Bizi biden eden insanların sözleri var arada kalan, sen bunu başaramazsın sözleri var yüzümüze bir tokat misali çarpan!
Düşüncelerimiz var arada yarım kalan, kimsenin bilmediği bir suskunlukta saklı bir düşüncelerimiz var bizim.
O düşüncelerin için de ise koskoca hayallerimiz var bizim.
Kimsenin akıl sır edemediği, zihninde dahi hayal edemediği, hayallerimiz var bizim.
Bir de sevgimiz vardı arada kalan, kimsenin görmediği, kimsenin umursamadığı yok saydığı sevgimiz vardı bizim.
Anlık olarak bir enerjimiz vardı arada kalan, hani öyle bir enerjiydi ki, ağlamaktan morarmış gözleri mutluluk gözyaşlarına boğduran bir enerjimiz vardı bizim.

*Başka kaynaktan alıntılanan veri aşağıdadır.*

(* There are $\mathfrak{c}$ many infinite subsets of $\omega$ which are pairwise almost oscillating.
   Context: Two sets $A, B \subseteq \omega$ are oscillating if for every two-element set $\{x, y\} \subseteq A$ and every two-element set $\{w, z\} \subseteq B$ we have $|y - x| \neq |z - w|$. They are almost oscillating if there is $n \in \omega$ such that $A \setminus n$ and $B \setminus n$ are oscillating (here $n = \{0, \dots, n-1\}$). $\mathfrak{c}$ denotes the cardinality of the continuum. *)

theory Defs
  imports Complex_Main "HOL-Library.Equipollence"
begin

definition oscillating :: "nat set \<Rightarrow> nat set \<Rightarrow> bool" where
  "oscillating A B \<longleftrightarrow>
     (\<forall>x\<in>A. \<forall>y\<in>A. \<forall>w\<in>B. \<forall>z\<in>B.
        x \<noteq> y \<longrightarrow> w \<noteq> z \<longrightarrow> \<bar>int y - int x\<bar> \<noteq> \<bar>int z - int w\<bar>)"

definition almost_oscillating :: "nat set \<Rightarrow> nat set \<Rightarrow> bool" where
  "almost_oscillating A B \<longleftrightarrow> (\<exists>n. oscillating (A - {..<n}) (B - {..<n}))"

end

theory Submission
  imports Defs "HOL-Analysis.Analysis" "HOL-Library.Nat_Bijection"
begin

text \<open>Distances between powers of two are of the form \<open>2\<^sup>a (2\<^sup>k - 1)\<close> with odd second
  factor, so a distance determines the smaller of the two exponents. Hence two sets of powers of
  two whose exponent sets are almost disjoint are almost oscillating. It remains to find
  continuum many almost disjoint infinite sets of exponents: code the initial segments of each
  \<open>S \<subseteq> \<omega>\<close> by natural numbers; distinct \<open>S\<close> share only finitely many initial segments.\<close>

lemma power2_mult_odd_eq_imp_eq:
  fixes x y :: int
  assumes "odd x" "odd y" "2 ^ a * x = 2 ^ b * y"
  shows "a = b"
proof (rule ccontr)
  have less: False if "odd x" "2 ^ a * x = 2 ^ b * y" "a < b" for a b :: nat and x y :: int
  proof -
    have "(2::int) ^ a * x = 2 ^ a * (2 ^ (b - a) * y)"
      using that by (simp flip: power_add mult.assoc)
    hence "x = 2 ^ (b - a) * y" by simp
    with \<open>odd x\<close> \<open>a < b\<close> show False by simp
  qed
  assume "a \<noteq> b"
  then show False
    using less[of x a b y] less[of y b a x] assms by (metis linorder_neqE_nat)
qed

lemma abs_diff_power2:
  "\<bar>(2::int) ^ b - 2 ^ a\<bar> = 2 ^ min a b * (2 ^ (max a b - min a b) - 1)"
proof -
  have "(2::int) ^ max a b = 2 ^ min a b * 2 ^ (max a b - min a b)"
    by (simp flip: power_add)
  then show ?thesis
    by (cases "a \<le> b") (simp_all add: max_def min_def algebra_simps)
qed

lemma abs_diff_power2_eq_imp_min_eq:
  assumes "a \<noteq> b" "c \<noteq> d"
    and "\<bar>(2::int) ^ b - 2 ^ a\<bar> = \<bar>2 ^ d - 2 ^ c\<bar>"
  shows "min a b = min c d"
proof (rule power2_mult_odd_eq_imp_eq)
  show "odd ((2::int) ^ (max a b - min a b) - 1)" "odd ((2::int) ^ (max c d - min c d) - 1)"
    using assms(1,2) by (simp_all add: max_def min_def)
qed (use assms(3) in \<open>simp add: abs_diff_power2\<close>)

lemma oscillating_powers_of_two:
  assumes "A \<subseteq> (\<lambda>k. 2 ^ k) ` K" "B \<subseteq> (\<lambda>k. 2 ^ k) ` L" "K \<inter> L = {}"
  shows "oscillating A B"
  unfolding oscillating_def
proof (intro ballI impI)
  fix x y w z assume "x \<in> A" "y \<in> A" "w \<in> B" "z \<in> B" "x \<noteq> y" "w \<noteq> z"
  then obtain a b c d where
    exps: "a \<in> K" "b \<in> K" "c \<in> L" "d \<in> L" "x = 2 ^ a" "y = 2 ^ b" "w = 2 ^ c" "z = 2 ^ d"
    using assms(1,2) by (meson imageE subsetD)
  show "\<bar>int y - int x\<bar> \<noteq> \<bar>int z - int w\<bar>"
  proof
    assume "\<bar>int y - int x\<bar> = \<bar>int z - int w\<bar>"
    then have "\<bar>(2::int) ^ b - 2 ^ a\<bar> = \<bar>2 ^ d - 2 ^ c\<bar>"
      by (simp add: exps)
    moreover have "a \<noteq> b" "c \<noteq> d"
      using exps \<open>x \<noteq> y\<close> \<open>w \<noteq> z\<close> by auto
    ultimately have "min a b = min c d"
      by (rule abs_diff_power2_eq_imp_min_eq[rotated 2])
    moreover have "min a b \<in> K" "min c d \<in> L"
      using exps by (simp_all add: min_def)
    ultimately show False using assms(3) by auto
  qed
qed

lemma almost_oscillating_powers_of_two:
  assumes "finite (K \<inter> L)"
  shows "almost_oscillating ((\<lambda>k. 2 ^ k) ` K) ((\<lambda>k. 2 ^ k) ` L)"
proof -
  obtain N where N: "K \<inter> L \<subseteq> {..<N}"
    using finite_nat_bounded[OF assms] by blast
  have tail: "(\<lambda>k. 2 ^ k) ` M - {..<2 ^ N} \<subseteq> (\<lambda>k. (2::nat) ^ k) ` (M - {..<N})"
    for M :: "nat set"
    by auto
  have "(K - {..<N}) \<inter> (L - {..<N}) = {}"
    using N by blast
  then have "oscillating ((\<lambda>k. 2 ^ k) ` K - {..<2 ^ N}) ((\<lambda>k. 2 ^ k) ` L - {..<2 ^ N})"
    by (rule oscillating_powers_of_two[OF tail tail])
  then show ?thesis
    unfolding almost_oscillating_def by blast
qed

definition initial_segment_code :: "nat set \<Rightarrow> nat \<Rightarrow> nat" where
  "initial_segment_code S n = prod_encode (n, set_encode (S \<inter> {..<n}))"

lemma initial_segment_code_eq_iff:
  "initial_segment_code S n = initial_segment_code T m \<longleftrightarrow>
     n = m \<and> S \<inter> {..<n} = T \<inter> {..<n}"
  unfolding initial_segment_code_def by (auto simp: set_encode_eq)

lemma inj_initial_segment_code: "inj (initial_segment_code S)"
  by (rule injI) (simp add: initial_segment_code_eq_iff)

lemma inj_range_initial_segment_code: "inj (\<lambda>S. range (initial_segment_code S))"
proof (rule injI)
  fix S T assume eq: "range (initial_segment_code S) = range (initial_segment_code T)"
  have "S \<inter> {..<n} = T \<inter> {..<n}" for n
  proof -
    obtain m where "initial_segment_code S n = initial_segment_code T m"
      using eq by (metis rangeE rangeI)
    then show ?thesis by (auto simp: initial_segment_code_eq_iff)
  qed
  then show "S = T"
    by (metis Int_iff lessI lessThan_iff subsetI subset_antisym)
qed

lemma finite_range_initial_segment_code_Int:
  assumes "S \<noteq> T"
  shows "finite (range (initial_segment_code S) \<inter> range (initial_segment_code T))"
proof -
  obtain m where m: "m \<in> S \<longleftrightarrow> m \<notin> T" using assms by blast
  have "range (initial_segment_code S) \<inter> range (initial_segment_code T)
          \<subseteq> initial_segment_code S ` {..m}"
  proof clarify
    fix n n' assume "initial_segment_code S n = initial_segment_code T n'"
    then have "S \<inter> {..<n} = T \<inter> {..<n}" by (auto simp: initial_segment_code_eq_iff)
    with m have "n \<le> m" by (metis Int_iff lessThan_iff not_le)
    then show "initial_segment_code S n \<in> initial_segment_code S ` {..m}" by simp
  qed
  then show ?thesis by (rule finite_subset) simp
qed

definition coded_powers :: "nat set \<Rightarrow> nat set" where
  "coded_powers S = (\<lambda>k. 2 ^ k) ` range (initial_segment_code S)"

lemma inj_coded_powers: "inj coded_powers"
  unfolding coded_powers_def
proof (rule injI)
  fix S T
  assume "(\<lambda>k. (2::nat) ^ k) ` range (initial_segment_code S) =
          (\<lambda>k. 2 ^ k) ` range (initial_segment_code T)"
  then have "range (initial_segment_code S) = range (initial_segment_code T)"
    by (simp add: inj_image_eq_iff inj_on_def)
  then show "S = T"
    using inj_range_initial_segment_code by (auto dest: injD)
qed

lemma infinite_coded_powers: "infinite (coded_powers S)"
proof -
  have "inj (\<lambda>n. (2::nat) ^ initial_segment_code S n)"
    using inj_initial_segment_code by (auto simp: inj_def)
  then show ?thesis
    unfolding coded_powers_def image_image by (simp add: finite_image_iff)
qed

theorem proposition10:
  shows "\<exists>F :: nat set set. F \<approx> (UNIV :: real set) \<and> (\<forall>A\<in>F. infinite A) \<and>
           pairwise almost_oscillating F"
proof (intro exI conjI)
  show "range coded_powers \<approx> (UNIV :: real set)"
    using inj_on_image_eqpoll_self[OF inj_coded_powers] nat_sets_eqpoll_reals eqpoll_trans
    by blast
  show "\<forall>A\<in>range coded_powers. infinite A"
    using infinite_coded_powers by blast
  show "pairwise almost_oscillating (range coded_powers)"
  proof (rule pairwise_imageI)
    fix S T :: "nat set" assume "S \<noteq> T"
    then show "almost_oscillating (coded_powers S) (coded_powers T)"
      unfolding coded_powers_def
      by (intro almost_oscillating_powers_of_two finite_range_initial_segment_code_Int)
  qed
qed

end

Herkesi düşünüp kimsenin kırılmasına izin vermeyen ama hani arada kalan bir kalbimiz vardı.
Yağmurun altında deli ıslanırken, ıslandığı yağmurdan bile zevk alan bir yapıya sahipti bu deli halimiz.
Hani yağmurun ıslatması bir şey de değildi, her gece gözyaşlarıyla ıslanması bir yanayken.
Teninindeki kuruluğu çoğu zaman gözyaşlarıyla siliyordu zaten bu bedeni. Şimdiyse bedenin ıslaklığını yağmurun damlaları kapatırken, gözyaşları ise kurmuş kirpiklerini yağmur damlalarıyla ıslatıyor.
Bir de arada kalan bir zaman vardı, bu zaman öyle bir zaman ki geçtiği her vakitte birini koparıyordu senden, okul başladı diyorsun.
Zaman okulu alıyor götürüyor, sonra ise bir işe başladım diyorsun. İşin de bir zaman duruyor ve son buluyor.
Zaman geriye bedeninin yaşlanmış teni ve yanın da ise bedeninle beraber yaşlanan farklı biri.
Hayatta arada kalacak pek çok şey varken, hayatınızın arasında sizi arada bırakmayacakları alın...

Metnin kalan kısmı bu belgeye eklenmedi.